The motion capture system was set at a sampling frequency of 60 Hz to track the three-dimensional (3D) trajectories of a set of configured 41 cutaneous reflective markers as shown in Fig. 2. This set of markers was used in the ‘Gait 2392’ OpenSim (a software from the National Center for Simulation in Rehabilitation Research) model21. The design of the markers is referred to in the guide for the usage of the Motion Capture and Analysis System and the recommendations of the International Society of Biomechanics22,23. The key markers in the bones used for the inverse kinematics calculation were placed based on guide from two skilled experimenters using the anatomical palpation method. The other markers used as redundancy for calculating missed markers were placed by the experimenters based on their personal experience. These redundant markers have zero weight during the calculation process. At the same time, to ensure the accuracy of the markers’ position, the subjects were asked to wear a light T-shirt, tight-fitting experimental shorts, take off their shoes, wear an experimental cap, and tuck their shirt into the shorts. Then, the T-shirts were wrapped with self-adhesive tensioners, and the subjects were instructed not to adjust the clothing midway into the experiment to ensure conformity with the protocol.

Fig. 2
figure 2

A representation of the Delsys sensors (for acquisition of sEMG signals) and the reflective markers (that aid capturing of kinematics data) placement utilized in the study.

The ground reaction force (GRF) was recorded by the force platforms of 508 mm length and 464 mm breadth sampled at 1920 Hz, placed at the same height as the ground except when the subjects went upstairs or downstairs. For the stairs scenes, a stairs bracket that enables the force platforms to be set up in a desired manner (as shown in Fig. 1b) was designed. After setting up the platform, the height, width, and length of the stair are 150 mm, 260 mm, and 470 mm, respectively.

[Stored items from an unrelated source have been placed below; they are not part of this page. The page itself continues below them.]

(* The group $G=\langle\sigma_1,\sigma_2,\sigma_3\rangle$ of birational transformations of $\overline{\mathcal{S}}(\theta)$ is a universal Coxeter group of rank three on the generators $\sigma_1,\sigma_2,\sigma_3$; that is, there are no relations other than those generated by $\sigma_1^2=\sigma_2^2=\sigma_3^2=1$. In particular, every element of $G$ other than the identity has a unique expression $\sigma_{i_1}\sigma_{i_2}\cdots\sigma_{i_n}$ with $n\ge1$ and $i_\nu\ne i_{\nu+1}$ for all $\nu$.
   Context: Let $\kappa\in\mathcal{K}=\{\kappa\in\mathbb{C}^5:2\kappa_0+\kappa_1+\dots+\kappa_4=1\}$ lie outside $\mathrm{Wall}$ (union of the hyperplanes $\kappa_i=m$, $i=1,\dots,4$, and $\kappa_1\pm\kappa_2\pm\kappa_3\pm\kappa_4=2m+1$, $m\in\mathbb{Z}$), and $\theta=\mathrm{rh}(\kappa)$: $a_i=2\cos\pi\kappa_i$ ($i=1,2,3$), $a_4=-2\cos\pi\kappa_4$, $\theta_i=a_ia_4+a_ja_k$ ($\{i,j,k\}=\{1,2,3\}$), $\theta_4=a_1a_2a_3a_4+\sum_{l=1}^4a_l^2-4$; $\overline{\mathcal{S}}(\theta)\subset\mathbb{P}^3$ is the (smooth) cubic surface $X_1X_2X_3+X_0(X_1^2+X_2^2+X_3^2)-X_0^2(\theta_1X_1+\theta_2X_2+\theta_3X_3)+\theta_4X_0^3=0$. For $\{i,j,k\}=\{1,2,3\}$, $\sigma_i$ is the birational involution of $\overline{\mathcal{S}}(\theta)$ given by $X'_0=X_0^2$, $X'_i=\theta_iX_0^2-X_0X_i-X_jX_k$, $X'_j=X_0X_j$, $X'_k=X_0X_k$ (on the affine part $x=(X_1/X_0,X_2/X_0,X_3/X_0)$: $(x_i,x_j,x_k)\mapsto(\theta_i-x_i-x_jx_k,x_j,x_k)$). *)

theory Defs
  imports Complex_Main
begin

text \<open>Parameters kappa = (k 0, ..., k 4); values of k at other indices are irrelevant.\<close>

definition in_K :: "(nat \<Rightarrow> complex) \<Rightarrow> bool" where
  "in_K k \<longleftrightarrow> 2 * k 0 + k 1 + k 2 + k 3 + k 4 = 1"

definition in_Wall :: "(nat \<Rightarrow> complex) \<Rightarrow> bool" where
  "in_Wall k \<longleftrightarrow>
     (\<exists>i\<in>{1..4::nat}. \<exists>m::int. k i = of_int m) \<or>
     (\<exists>e2\<in>{1, -1::complex}. \<exists>e3\<in>{1, -1::complex}. \<exists>e4\<in>{1, -1::complex}. \<exists>m::int.
        k 1 + e2 * k 2 + e3 * k 3 + e4 * k 4 = of_int (2 * m + 1))"

definition rh_a :: "(nat \<Rightarrow> complex) \<Rightarrow> nat \<Rightarrow> complex" where
  "rh_a k i = (if i = 4 then - 2 * cos (of_real pi * k 4) else 2 * cos (of_real pi * k i))"

text \<open>theta = rh(kappa), indexed 1..4.\<close>
definition rh :: "(nat \<Rightarrow> complex) \<Rightarrow> nat \<Rightarrow> complex" where
  "rh k i = (let a = rh_a k in
     if i = 1 then a 1 * a 4 + a 2 * a 3
     else if i = 2 then a 2 * a 4 + a 1 * a 3
     else if i = 3 then a 3 * a 4 + a 1 * a 2
     else a 1 * a 2 * a 3 * a 4 + a 1 ^ 2 + a 2 ^ 2 + a 3 ^ 2 + a 4 ^ 2 - 4)"

text \<open>Affine part (X0 = 1) of the cubic surface S-bar(theta), coordinates (x1,x2,x3).\<close>
definition affine_surface :: "(nat \<Rightarrow> complex) \<Rightarrow> (complex \<times> complex \<times> complex) set" where
  "affine_surface th = {(x1, x2, x3).
     x1 * x2 * x3 + (x1 ^ 2 + x2 ^ 2 + x3 ^ 2) - (th 1 * x1 + th 2 * x2 + th 3 * x3) + th 4 = 0}"

definition sigma :: "(nat \<Rightarrow> complex) \<Rightarrow> nat \<Rightarrow> complex \<times> complex \<times> complex \<Rightarrow> complex \<times> complex \<times> complex" where
  "sigma th i = (\<lambda>(x1, x2, x3).
     if i = 1 then (th 1 - x1 - x2 * x3, x2, x3)
     else if i = 2 then (x1, th 2 - x2 - x1 * x3, x3)
     else (x1, x2, th 3 - x3 - x1 * x2))"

Thereafter, a total of nine-channel sEMG signals were collected by using a wireless acquisition system sampled at 1926 Hz, and the electrodes were firmly fixed on the tensor fascia lata, rectus femoris, vastus medialis, semimembranosus, upper tibialis anterior, lower tibialis anterior, lateral gastrocnemius, medial gastrocnemius, and soleus muscles on the left leg with a double-sided tape. During the experiment, we ensured that suggestions provided by the Institute of Neurology, Department of Clinical Neurophysiology were adhered to24. Before the placement of electrodes, the skin surfaces of the subjects were cleaned with alcohol cotton pads containing 75% alcohol to remove skin oil to avoid electrode impedance issues that may affect the quality of the recorded signals during the experiment. In addition, to avoid highly noisy signals that may result from vibration during the experiments, self-adhesive medical bandages were used to wrap and reinforce the EMG electrodes.

The whole system can collect the 3D trajectories of the marker set, GRF, and sEMG data, based on which, the kinematic and kinetic data can be calculated. Experimental data were collected after wearing the equipment (Fig. 1c). To ensure that the data is recorded appropriately, the reflective markers and sEMG sensors were carefully checked after each movement was performed by the subjects.

Experimental protocol

A total of 16 different lower limb movement tasks (including 12 different movements, no movement also known as the static state, and 3 different gaits) were considered in the data acquisition process. Precisely, these tasks include static (standing upright without making any movement), walking on a level ground, standing up, sitting down, walking upstairs, walking downstairs, knee lift, tipping the toe, leg lift forward, leg lift backward, knee lift then calf lift forward, leg lift sideward, heel strike, toe-off, lunging forward, and lunging backward (See the attached video and Table 3 for a clearer understanding of the experimental procedure for the tasks performed). According to the discrete nature of the movements, two methods (denoted as, method-1 and method-2) were employed for the data collection process which are represented in a flowchart shown in Fig. 3. In method-1, each participant is asked to perform a specific movement, and then repeat that same task nine times for gait phase related tasks and four times for the other tasks. In other words, each repetition constitute a raw data file, thus yielding a total of ten or five different raw data files per movement and subject. In contrast, for method-2, each participant is expected to perform a specific movement task five consecutive times in a row, yielding a single raw data file for the five trials. It is worth noting that method-1 was employed in collecting the data for static, walking on level ground, standing up, sitting down, stairs ascent, and stairs descent tasks because these tasks are designed to begin and terminate at certain intervals considering the experimental environment. Also, in method-2, the participants were required to follow an electronic metronome (1 second a beat, 8 seconds a loop) to complete each group of movements in 5 seconds and followed by 3 seconds of rest.

Table 3 Description of the 16 classes of lower limb movements considered in the study.
Fig. 3
figure 3

A flowchart representing the experimental procedure for data collection.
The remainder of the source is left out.